If you are already using WebSphere traditional or WebSphere Network Deployment (ND), you can choose between running WebSphere traditional, WebSphere Liberty, or Open Liberty with the same license. Running WebSphere traditional or Liberty servers in cells or collectives means you can run fewer servers than if running them as standalone servers under the same number of purchased “cores” (the licensing units used). For example, if you have purchased two cores of IBM Enterprise Application Runtime (EAR), you can run two cores of servers in cells or collectives, or you can run 11 cores of standalone servers. The servers can be WebSphere traditional, WebSphere Liberty, Open Liberty servers, or a mixture.
The total number of servers you can run varies according to which licensing bundle you purchased, as shown in the following table (where the ratios show the number of cores of servers to the number of cores of license purchased):
| License bundle purchased | Standalone servers topology | Cells or collectives topology |
|---|---|---|
| IBM Enterprise Application Runtime | 11:2 | 1:1 |
| IBM Cloud Pak for Applications Advanced | 11:2 | 3:2 |
| IBM Cloud Pak for Applications Standard | 4:1 | 1:1 |
| WebSphere Hybrid Edition | 4:1 | 1:1 |
Summary
Migrating applications from WebSphere traditional to Liberty can seem daunting, especially with so many myths and misconceptions circulating. This article, supported by expert insights from Alasdair Nottingham, has addressed some of the most common myths about Liberty operations, from deployment flexibility and centralized management to performance and licensing.
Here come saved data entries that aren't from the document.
(* For all $M,N\in\Lambda^{001}$, if $M\longrightarrow_\beta^* N$ then $\mathcal T(M)\mathrel{\widetilde{\longrightarrow}_r^*}\mathcal T(N)$.
   Context: Fix a set $\mathcal V$ of variables. A 001-infinitary λ-term is a possibly infinite tree built from variables $x\in\mathcal V$, abstractions $\lambda x.M$ and applications $(M)N$ ($N$ the argument), such that every infinite branch enters infinitely often the argument position of an application node; $\Lambda^{001}$ denotes the set of such terms, up to α-equivalence, with fresh variables always available. $M[N/x]$ is capture-avoiding substitution (defined corecursively). One-step β-reduction $\longrightarrow_\beta$ is the contextual closure (under abstractions and on both sides of applications, each step with a finite derivation) of $(\lambda x.M)N\longrightarrow_\beta M[N/x]$; $\longrightarrow_\beta^*$ is its reflexive-transitive closure. Resource terms: $s::=x\mid\lambda x.s\mid\langle s\rangle\bar t$, $\bar t=[t_1,\dots,t_n]$ a finite multiset of resource terms. Finite sums are finite sets of resource terms written additively ($0$ empty), constructors extended by linearity. Resource substitution $s\langle\bar t/x\rangle$ is the sum over $\sigma\in\mathfrak S_n$ of the terms obtained by substituting $t_{\sigma(i)}$ for the $i$-th free occurrence of $x$ in $s$, if $x$ has exactly $n$ free occurrences in $s$, and $0$ otherwise. Simple resource reduction $\longmapsto_r$ is the least relation from terms (resp. monomials) to finite sums containing $\langle\lambda x.s\rangle\bar t\longmapsto_r s\langle\bar t/x\rangle$ and closed under abstraction, the function and argument positions of application, and elements of monomials ($s\longmapsto_r S\Rightarrow s\cdot\bar t\longmapsto_r S\cdot\bar t$). On finite sums, $\sum_{i=0}^n s_i\longrightarrow_r\sum_{i=0}^n T_i$ whenever $s_0\longmapsto_r T_0$ and for $1\le i\le n$ either $s_i\longmapsto_r T_i$ or $T_i=s_i$; $\longrightarrow_r^*$ is the reflexive-transitive closure. For possibly infinite sets $\mathcal S,\mathcal S'$ of resource terms, $\mathcal S\mathrel{\widetilde{\longrightarrow}_r^*}\mathcal S'$ means: there exist an index set $I$, resource terms $s_i$ and finite sums $S'_i$ ($i\in I$) with $\mathcal S=\{s_i : i\in I\}$, $\mathcal S'=\bigcup_{i\in I}S'_i$ and $s_i\longrightarrow_r^* S'_i$ for all $i$. Taylor approximation $\ltimes$ is defined inductively by $x\ltimes x$; $s\ltimes M\Rightarrow\lambda x.s\ltimes\lambda x.M$; ($s\ltimes M$ and $t_i\ltimes N$ for all $i$) $\Rightarrow\langle s\rangle[t_1,\dots,t_n]\ltimes(M)N$; $\mathcal T(M)=\{s : s\ltimes M\}$. *)

theory Defs
  imports Main "HOL-Library.Multiset"
begin

codatatype trm = Var nat | Lam trm | App trm trm

primcorec lift :: "nat \<Rightarrow> trm \<Rightarrow> trm" where
  "lift c M = (case M of
      Var i \<Rightarrow> Var (if i < c then i else Suc i)
    | Lam P \<Rightarrow> Lam (lift (Suc c) P)
    | App P Q \<Rightarrow> App (lift c P) (lift c Q))"
section \<open>Integrals over the unit interval\<close>

lemma has_integral_Bernstein:
  assumes "j \<le> e"
  shows "((\<lambda>t::real. real (e choose j) * (t ^ j * (1 - t) ^ (e - j))) has_integral 1 / real (e + 1)) {0<..<1}"
proof -
  have "((\<lambda>t::real. t powr (real (j + 1) - 1) * (1 - t) powr (real (e - j + 1) - 1))
      has_integral Beta (real (j + 1)) (real (e - j + 1))) {0<..<1}"
    using has_integral_Beta_real[of "real (j + 1)" "real (e - j + 1)"] by (simp add: has_integral_Icc_iff_Ioo)
  then have "((\<lambda>t::real. t ^ j * (1 - t) ^ (e - j)) has_integral Beta (real (j + 1)) (real (e - j + 1))) {0<..<1}"
    by (rule has_integral_eq[rotated]) (auto simp: powr_realpow)
  moreover have "Beta (real (j + 1)) (real (e - j + 1)) = fact j * fact (e - j) / fact (e + 1)"
  proof -
    have "Gamma (real (j + 1)) = fact j" "Gamma (real (e - j + 1)) = fact (e - j)"
      and "Gamma (real (j + 1) + real (e - j + 1)) = fact (e + 1)"
      using Gamma_fact[where 'a = real, of j] Gamma_fact[where 'a = real, of "e - j"]
        Gamma_fact[where 'a = real, of "e + 1"] assms by (simp_all add: add.commute)
    then show ?thesis
      by (simp add: Beta_def)
  qed
  moreover have "real (e choose j) * (fact j * fact (e - j) / fact (e + 1)) = 1 / real (e + 1)"
  proof -
    have "real (e choose j) * (fact j * fact (e - j)) = fact e"
      using arg_cong[OF binomial_fact_lemma[OF assms], of real] by (simp add: ac_simps)
    then have "real (e choose j) * (fact j * fact (e - j) / fact (e + 1)) = fact e / fact (e + 1)"
      by (simp only: times_divide_eq_right)
    then show ?thesis
      by simp
  qed
  ultimately show ?thesis
    using has_integral_mult_right[where c = "real (e choose j)"] by metis
qed
(* If a finite group $G$ is a $Q\sigma T$-group, then $G/R$ satisfies ${\bf Q}_{\sigma P}$ for every normal subgroup $R$ of $G$.
   Context: $\sigma=\{\sigma_i\mid i\in I\}$ is a partition of the set of all primes. A group is $\sigma$-primary if it is a $\sigma_i$-group for some $i$. $A_G$ is the core of $A$ in $G$. $A$ is $\sigma$-subnormal in $G$ if there is a chain $A=A_0\le\cdots\le A_n=G$ with, for each $i$, $A_{i-1}\trianglelefteq A_i$ or $A_i/(A_{i-1})_{A_i}$ $\sigma$-primary. $A$ is modular in $G$ if (1) $\langle X, A\cap Z\rangle=\langle X,A\rangle\cap Z$ for all $X\le Z\le G$, and (2) $\langle A, Y\cap Z\rangle=\langle A,Y\rangle\cap Z$ for all $Y,Z\le G$ with $A\le Z$. $A$ is $\sigma$-quasinormal if it is $\sigma$-subnormal and modular. $G$ is a $Q\sigma T$-group if whenever $H$ is $\sigma$-quasinormal in $K$ and $K$ is $\sigma$-quasinormal in $G$, $H$ is $\sigma$-quasinormal in $G$. A $P$-group of type $(p,q)$ is a group $A\rtimes\langle t\rangle$ with $A$ an elementary abelian $p$-group and $t$ of prime order $q\neq p$ inducing a non-trivial power automorphism (one fixing every subgroup) on $A$. A group $X$ satisfies ${\bf Q}_{\sigma(p,q)}$ if whenever $N$ is a soluble normal subgroup of $X$ and $P/N$ is a normal subgroup of $X/N$ that is $\sigma$-primary and a $P$-group of type $(p,q)$, every subgroup of $P/N$ is modular in $X/N$. $X$ satisfies ${\bf Q}_{\sigma P}$ if it satisfies ${\bf Q}_{\sigma(p,q)}$ for every pair of primes $p,q$ for which a $P$-group of type $(p,q)$ exists. *)

theory Defs
  imports "HOL-Algebra.Algebra"
begin
lemma local_max_form_subdiffD:
  assumes LD: "local_max_form f x A C r m" and u: "norm u < r" and v: "v \<in> subdiff f (x + u)"
  shows "u \<in> polar_cone C" "v \<in> sublinear_subdiff A C" "inner v u = max_inner A u"
proof -
  have fin: "finite A" "A \<noteq> {}"
    and loc: "\<And>u. norm u < r \<Longrightarrow>
      f (x + u) = (if u \<in> polar_cone C then ereal (m + max_inner A u) else \<infinity>)"
    using LD unfolding local_max_form_def by auto
  show uK: "u \<in> polar_cone C"
    using subdiff_finite[OF v] loc[OF u] by (auto split: if_splits)
  have "max_inner A u + inner v (y - u) \<le> max_inner A y"
    if "y \<in> polar_cone C" "norm y < r" for y
    using subdiff_ineq[OF v, of "x + y"] loc[OF u] loc[OF that(2)] uK that(1) by simp
  then show "v \<in> sublinear_subdiff A C" "inner v u = max_inner A u"
    using local_subgradient_max_inner[OF fin uK u] by blast+
qed

lemma local_max_form_subdiffI:
  assumes LD: "local_max_form f x A C r m" and u: "norm u < r" "u \<in> polar_cone C"
    and v: "v \<in> sublinear_subdiff A C" "inner v u = max_inner A u"
  shows "v \<in> subdiff f (x + u)"
proof -
  have fu: "f (x + u) = ereal (m + max_inner A u)" using LD u unfolding local_max_form_def by simp
  have glob: "(if y \<in> polar_cone C then ereal (m + max_inner A y) else \<infinity>) \<le> f (x + y)" for y
    using LD unfolding local_max_form_def by blast
  have ineq: "f (x + u) + ereal (inner v (x + y - (x + u))) \<le> f (x + y)" for y
  proof (cases "y \<in> polar_cone C")
    case True
    have "inner v y \<le> max_inner A y" using v(1) True unfolding sublinear_subdiff_def by blast
    then have "f (x + u) + ereal (inner v (x + y - (x + u))) \<le> ereal (m + max_inner A y)"
      using fu v(2) by (simp add: inner_diff_right)
    also have "\<dots> \<le> f (x + y)" using glob[of y] True by simp
    finally show ?thesis .
  next
    case False
    then show ?thesis using glob[of y] by simp
  qed
  show ?thesis unfolding subdiff_def
  proof (intro CollectI conjI allI)
    show "\<bar>f (x + u)\<bar> \<noteq> \<infinity>" using fu by simp
    show "f (x + u) + ereal (inner v (y - (x + u))) \<le> f y" for y
      using ineq[of "y - x"] by simp
  qed
qed

definition normal_cone :: "'a::real_inner set \<Rightarrow> 'a \<Rightarrow> 'a set" where
  "normal_cone S v = {u. \<forall>y\<in>S. inner y u \<le> inner v u}"

lemma zero_in_normal_cone: "0 \<in> normal_cone S v"
  unfolding normal_cone_def by simp

lemma normal_cone_scale: "u \<in> normal_cone S v \<Longrightarrow> 0 \<le> s \<Longrightarrow> s *\<^sub>R u \<in> normal_cone S v"
  unfolding normal_cone_def by (auto intro: mult_left_mono)

lemma convex_normal_cone: "convex (normal_cone S v)"
proof -
  have "normal_cone S v = (\<Inter>y\<in>S. {u. inner (y - v) u \<le> 0})"
    unfolding normal_cone_def by (auto simp: inner_diff_left)
  then show ?thesis by (simp add: convex_INT convex_halfspace_le)
qed

lemma normal_cone_sublinear_subdiff:
  assumes fin: "finite A" "A \<noteq> {}" and v: "v \<in> sublinear_subdiff A C"
  shows "u \<in> normal_cone (sublinear_subdiff A C) v \<longleftrightarrow>
    u \<in> polar_cone C \<and> inner v u = max_inner A u"
proof
  assume "u \<in> polar_cone C \<and> inner v u = max_inner A u"
  then show "u \<in> normal_cone (sublinear_subdiff A C) v"
    unfolding normal_cone_def sublinear_subdiff_def by auto
next
  assume N: "u \<in> normal_cone (sublinear_subdiff A C) v"
  have uK: "u \<in> polar_cone C"
  proof (rule ccontr)
    assume "u \<notin> polar_cone C"
    then obtain c where c: "c \<in> C" "inner c u > 0" unfolding polar_cone_def by auto
    have "v + 1 *\<^sub>R c \<in> sublinear_subdiff A C" by (rule sublinear_subdiff_add_polar[OF v c(1)]) simp
    then have "inner (v + 1 *\<^sub>R c) u \<le> inner v u" using N unfolding normal_cone_def by blast
    then show False using c by (simp add: inner_add_left)
  qed
  obtain a where "a \<in> A" "max_inner A u = inner a u" using max_inner_attained fin by blast
  moreover have "a \<in> sublinear_subdiff A C"
    using subset_sublinear_subdiff[OF fin(1), of C] \<open>a \<in> A\<close> by blast
  ultimately have "max_inner A u \<le> inner v u" using N unfolding normal_cone_def by simp
  moreover have "inner v u \<le> max_inner A u" using v uK unfolding sublinear_subdiff_def by blast
  ultimately show "u \<in> polar_cone C \<and> inner v u = max_inner A u" using uK by simp
qed

text \<open>Near \<open>x\<close>, the subgradients of \<open>f\<close> and its values are those of
  \<open>f x\<close> plus the support function of \<open>F\<close>.\<close>
definition support_model :: "('a::real_inner \<Rightarrow> ereal) \<Rightarrow> 'a \<Rightarrow> 'a set \<Rightarrow> real \<Rightarrow> bool" where
  "support_model f x F r \<longleftrightarrow> 0 < r \<and> convex F \<and>
     (\<forall>u v. norm u < r \<longrightarrow> v \<in> subdiff f (x + u) \<longleftrightarrow> v \<in> F \<and> u \<in> normal_cone F v) \<and>
     (\<forall>u v. norm u < r \<longrightarrow> v \<in> F \<longrightarrow> u \<in> normal_cone F v \<longrightarrow>
        f (x + u) = f x + ereal (inner v u))"

lemma support_model_subdiff_iff:
  "support_model f x F r \<Longrightarrow> norm u < r \<Longrightarrow>
    v \<in> subdiff f (x + u) \<longleftrightarrow> v \<in> F \<and> u \<in> normal_cone F v"
  unfolding support_model_def by blast

lemma support_model_value:
  "support_model f x F r \<Longrightarrow> norm u < r \<Longrightarrow> v \<in> F \<Longrightarrow> u \<in> normal_cone F v \<Longrightarrow>
    f (x + u) = f x + ereal (inner v u)"
  unfolding support_model_def by blast

lemma support_model_subdiff: "support_model f x F r \<Longrightarrow> subdiff f x = F"
  using support_model_subdiff_iff[of f x F r 0] zero_in_normal_cone
  unfolding support_model_def by auto

lemma local_max_form_support_model:
  fixes f :: "'a::real_inner \<Rightarrow> ereal"
  assumes LD: "local_max_form f x A C r m"
  shows "support_model f x (sublinear_subdiff A C) r"
proof -
  have fin: "finite A" "A \<noteq> {}" "0 < r" using LD unfolding local_max_form_def by auto
  have "f (x + 0) = ereal (m + max_inner A 0)"
    using LD zero_in_polar_cone unfolding local_max_form_def by (metis norm_zero)
  then have fx: "f x = ereal m" using max_inner_zero[OF fin(1,2)] by simp
  have N: "u \<in> normal_cone (sublinear_subdiff A C) v \<longleftrightarrow>
      u \<in> polar_cone C \<and> inner v u = max_inner A u" if "v \<in> sublinear_subdiff A C" for u v
    using normal_cone_sublinear_subdiff[OF fin(1,2) that] .
  show ?thesis unfolding support_model_def
  proof (intro conjI allI impI fin(3) convex_sublinear_subdiff)
    fix u v :: 'a assume u: "norm u < r"
    show "v \<in> subdiff f (x + u) \<longleftrightarrow>
        v \<in> sublinear_subdiff A C \<and> u \<in> normal_cone (sublinear_subdiff A C) v"
      using local_max_form_subdiffD[OF LD u] local_max_form_subdiffI[OF LD u] N by blast
    assume "v \<in> sublinear_subdiff A C" "u \<in> normal_cone (sublinear_subdiff A C) v"
    then show "f (x + u) = f x + ereal (inner v u)"
      using LD u N fx unfolding local_max_form_def by auto
  qed
qed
Liberty is a modern, lightweight, and highly capable runtime that supports a wide range of deployment models, including on-premise and cloud. It offers centralized management through collectives when running on VMs rather than in containers, a user-friendly Admin Center, scripting capabilities, and robust support for high availability. Additionally, Liberty’s performance rivals that of WebSphere traditional, Liberty’s zero migration is a significant benefit for maintenance, and your existing WebSphere traditional licenses usually cover using Liberty instead.
For WebSphere administrators, Liberty offers a compelling path forward, with modern development practices and reduced operational complexity. If you still have questions, explore the WebSphere and Liberty wiki to get the answers you need.